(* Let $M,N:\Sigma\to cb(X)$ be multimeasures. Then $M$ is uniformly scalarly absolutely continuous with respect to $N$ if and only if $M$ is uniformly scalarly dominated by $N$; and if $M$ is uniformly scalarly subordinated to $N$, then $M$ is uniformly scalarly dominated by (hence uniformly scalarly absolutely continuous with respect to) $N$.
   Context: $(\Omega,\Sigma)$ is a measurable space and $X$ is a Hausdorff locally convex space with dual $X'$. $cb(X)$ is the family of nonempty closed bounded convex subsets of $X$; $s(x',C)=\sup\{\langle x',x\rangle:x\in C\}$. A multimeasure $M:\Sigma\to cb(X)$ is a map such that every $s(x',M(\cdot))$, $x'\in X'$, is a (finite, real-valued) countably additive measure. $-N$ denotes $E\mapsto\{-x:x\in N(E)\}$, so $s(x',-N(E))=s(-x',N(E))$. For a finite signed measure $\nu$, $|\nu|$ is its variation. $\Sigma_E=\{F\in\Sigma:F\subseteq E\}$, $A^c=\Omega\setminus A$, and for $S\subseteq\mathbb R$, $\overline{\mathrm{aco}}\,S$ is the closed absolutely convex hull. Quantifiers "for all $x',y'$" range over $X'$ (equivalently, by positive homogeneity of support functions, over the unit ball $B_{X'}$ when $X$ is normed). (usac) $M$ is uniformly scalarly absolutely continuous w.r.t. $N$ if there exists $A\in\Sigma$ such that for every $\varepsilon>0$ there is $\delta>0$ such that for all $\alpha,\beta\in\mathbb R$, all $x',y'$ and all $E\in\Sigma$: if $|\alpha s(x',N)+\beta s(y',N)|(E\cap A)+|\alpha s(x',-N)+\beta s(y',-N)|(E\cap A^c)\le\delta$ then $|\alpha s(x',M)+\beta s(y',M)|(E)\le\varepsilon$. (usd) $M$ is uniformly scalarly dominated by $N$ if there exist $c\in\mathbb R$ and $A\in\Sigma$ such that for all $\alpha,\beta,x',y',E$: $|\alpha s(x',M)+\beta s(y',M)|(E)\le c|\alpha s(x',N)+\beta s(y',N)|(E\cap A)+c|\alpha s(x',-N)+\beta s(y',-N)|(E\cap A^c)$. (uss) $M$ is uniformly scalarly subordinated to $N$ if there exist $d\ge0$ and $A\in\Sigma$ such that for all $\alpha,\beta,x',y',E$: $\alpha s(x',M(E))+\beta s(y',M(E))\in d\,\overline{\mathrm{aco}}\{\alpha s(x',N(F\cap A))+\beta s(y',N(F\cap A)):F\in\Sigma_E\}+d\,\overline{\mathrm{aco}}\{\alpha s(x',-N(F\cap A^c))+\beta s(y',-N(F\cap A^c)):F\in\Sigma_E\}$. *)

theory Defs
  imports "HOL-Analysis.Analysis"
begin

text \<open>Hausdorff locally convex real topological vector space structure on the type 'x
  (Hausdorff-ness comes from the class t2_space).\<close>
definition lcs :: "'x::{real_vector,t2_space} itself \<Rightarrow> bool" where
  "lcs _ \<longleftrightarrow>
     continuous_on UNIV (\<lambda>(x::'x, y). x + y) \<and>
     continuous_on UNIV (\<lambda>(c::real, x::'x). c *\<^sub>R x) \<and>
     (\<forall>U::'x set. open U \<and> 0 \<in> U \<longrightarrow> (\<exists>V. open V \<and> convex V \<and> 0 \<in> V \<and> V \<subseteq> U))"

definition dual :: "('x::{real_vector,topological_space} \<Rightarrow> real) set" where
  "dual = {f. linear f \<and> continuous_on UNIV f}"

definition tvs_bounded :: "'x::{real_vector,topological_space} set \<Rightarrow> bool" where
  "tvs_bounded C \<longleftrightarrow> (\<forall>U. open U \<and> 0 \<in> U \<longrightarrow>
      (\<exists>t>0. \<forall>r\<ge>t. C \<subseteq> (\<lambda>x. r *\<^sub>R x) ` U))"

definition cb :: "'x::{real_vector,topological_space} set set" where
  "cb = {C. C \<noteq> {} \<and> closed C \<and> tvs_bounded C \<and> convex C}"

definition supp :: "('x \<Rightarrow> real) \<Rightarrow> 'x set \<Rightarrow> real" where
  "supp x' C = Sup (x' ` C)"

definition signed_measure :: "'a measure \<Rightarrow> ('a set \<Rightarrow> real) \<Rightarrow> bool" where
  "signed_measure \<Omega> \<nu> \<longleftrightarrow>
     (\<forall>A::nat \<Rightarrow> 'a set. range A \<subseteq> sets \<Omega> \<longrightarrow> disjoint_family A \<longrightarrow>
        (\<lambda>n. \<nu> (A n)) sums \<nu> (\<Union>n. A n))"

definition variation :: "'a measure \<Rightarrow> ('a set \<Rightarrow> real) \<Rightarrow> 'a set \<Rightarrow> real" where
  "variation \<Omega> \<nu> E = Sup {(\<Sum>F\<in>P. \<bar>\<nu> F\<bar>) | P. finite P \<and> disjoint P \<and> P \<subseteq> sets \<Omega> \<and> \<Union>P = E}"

··········

_Problem details:_ Print the data word for word.

_Answer to this problem:_
(* Let $M,N:\Sigma\to cb(X)$ be multimeasures. Then $M$ is uniformly scalarly absolutely continuous with respect to $N$ if and only if $M$ is uniformly scalarly dominated by $N$; and if $M$ is uniformly scalarly subordinated to $N$, then $M$ is uniformly scalarly dominated by (hence uniformly scalarly absolutely continuous with respect to) $N$.
   Context: $(\Omega,\Sigma)$ is a measurable space and $X$ is a Hausdorff locally convex space with dual $X'$. $cb(X)$ is the family of nonempty closed bounded convex subsets of $X$; $s(x',C)=\sup\{\langle x',x\rangle:x\in C\}$. A multimeasure $M:\Sigma\to cb(X)$ is a map such that every $s(x',M(\cdot))$, $x'\in X'$, is a (finite, real-valued) countably additive measure. $-N$ denotes $E\mapsto\{-x:x\in N(E)\}$, so $s(x',-N(E))=s(-x',N(E))$. For a finite signed measure $\nu$, $|\nu|$ is its variation. $\Sigma_E=\{F\in\Sigma:F\subseteq E\}$, $A^c=\Omega\setminus A$, and for $S\subseteq\mathbb R$, $\overline{\mathrm{aco}}\,S$ is the closed absolutely convex hull. Quantifiers "for all $x',y'$" range over $X'$ (equivalently, by positive homogeneity of support functions, over the unit ball $B_{X'}$ when $X$ is normed). (usac) $M$ is uniformly scalarly absolutely continuous w.r.t. $N$ if there exists $A\in\Sigma$ such that for every $\varepsilon>0$ there is $\delta>0$ such that for all $\alpha,\beta\in\mathbb R$, all $x',y'$ and all $E\in\Sigma$: if $|\alpha s(x',N)+\beta s(y',N)|(E\cap A)+|\alpha s(x',-N)+\beta s(y',-N)|(E\cap A^c)\le\delta$ then $|\alpha s(x',M)+\beta s(y',M)|(E)\le\varepsilon$. (usd) $M$ is uniformly scalarly dominated by $N$ if there exist $c\in\mathbb R$ and $A\in\Sigma$ such that for all $\alpha,\beta,x',y',E$: $|\alpha s(x',M)+\beta s(y',M)|(E)\le c|\alpha s(x',N)+\beta s(y',N)|(E\cap A)+c|\alpha s(x',-N)+\beta s(y',-N)|(E\cap A^c)$. (uss) $M$ is uniformly scalarly subordinated to $N$ if there exist $d\ge0$ and $A\in\Sigma$ such that for all $\alpha,\beta,x',y',E$: $\alpha s(x',M(E))+\beta s(y',M(E))\in d\,\overline{\mathrm{aco}}\{\alpha s(x',N(F\cap A))+\beta s(y',N(F\cap A)):F\in\Sigma_E\}+d\,\overline{\mathrm{aco}}\{\alpha s(x',-N(F\cap A^c))+\beta s(y',-N(F\cap A^c)):F\in\Sigma_E\}$. *)

theory Defs
  imports "HOL-Analysis.Analysis"
begin

text \<open>Hausdorff locally convex real topological vector space structure on the type 'x
  (Hausdorff-ness comes from the class t2_space).\<close>
definition lcs :: "'x::{real_vector,t2_space} itself \<Rightarrow> bool" where
  "lcs _ \<longleftrightarrow>
     continuous_on UNIV (\<lambda>(x::'x, y). x + y) \<and>
     continuous_on UNIV (\<lambda>(c::real, x::'x). c *\<^sub>R x) \<and>
     (\<forall>U::'x set. open U \<and> 0 \<in> U \<longrightarrow> (\<exists>V. open V \<and> convex V \<and> 0 \<in> V \<and> V \<subseteq> U))"

definition dual :: "('x::{real_vector,topological_space} \<Rightarrow> real) set" where
  "dual = {f. linear f \<and> continuous_on UNIV f}"

definition tvs_bounded :: "'x::{real_vector,topological_space} set \<Rightarrow> bool" where
  "tvs_bounded C \<longleftrightarrow> (\<forall>U. open U \<and> 0 \<in> U \<longrightarrow>
      (\<exists>t>0. \<forall>r\<ge>t. C \<subseteq> (\<lambda>x. r *\<^sub>R x) ` U))"

definition cb :: "'x::{real_vector,topological_space} set set" where
  "cb = {C. C \<noteq> {} \<and> closed C \<and> tvs_bounded C \<and> convex C}"

definition supp :: "('x \<Rightarrow> real) \<Rightarrow> 'x set \<Rightarrow> real" where
  "supp x' C = Sup (x' ` C)"

definition signed_measure :: "'a measure \<Rightarrow> ('a set \<Rightarrow> real) \<Rightarrow> bool" where
  "signed_measure \<Omega> \<nu> \<longleftrightarrow>
     (\<forall>A::nat \<Rightarrow> 'a set. range A \<subseteq> sets \<Omega> \<longrightarrow> disjoint_family A \<longrightarrow>
        (\<lambda>n. \<nu> (A n)) sums \<nu> (\<Union>n. A n))"

definition variation :: "'a measure \<Rightarrow> ('a set \<Rightarrow> real) \<Rightarrow> 'a set \<Rightarrow> real" where
  "variation \<Omega> \<nu> E = Sup {(\<Sum>F\<in>P. \<bar>\<nu> F\<bar>) | P. finite P \<and> disjoint P \<and> P \<subseteq> sets \<Omega> \<and> \<Union>P = E}"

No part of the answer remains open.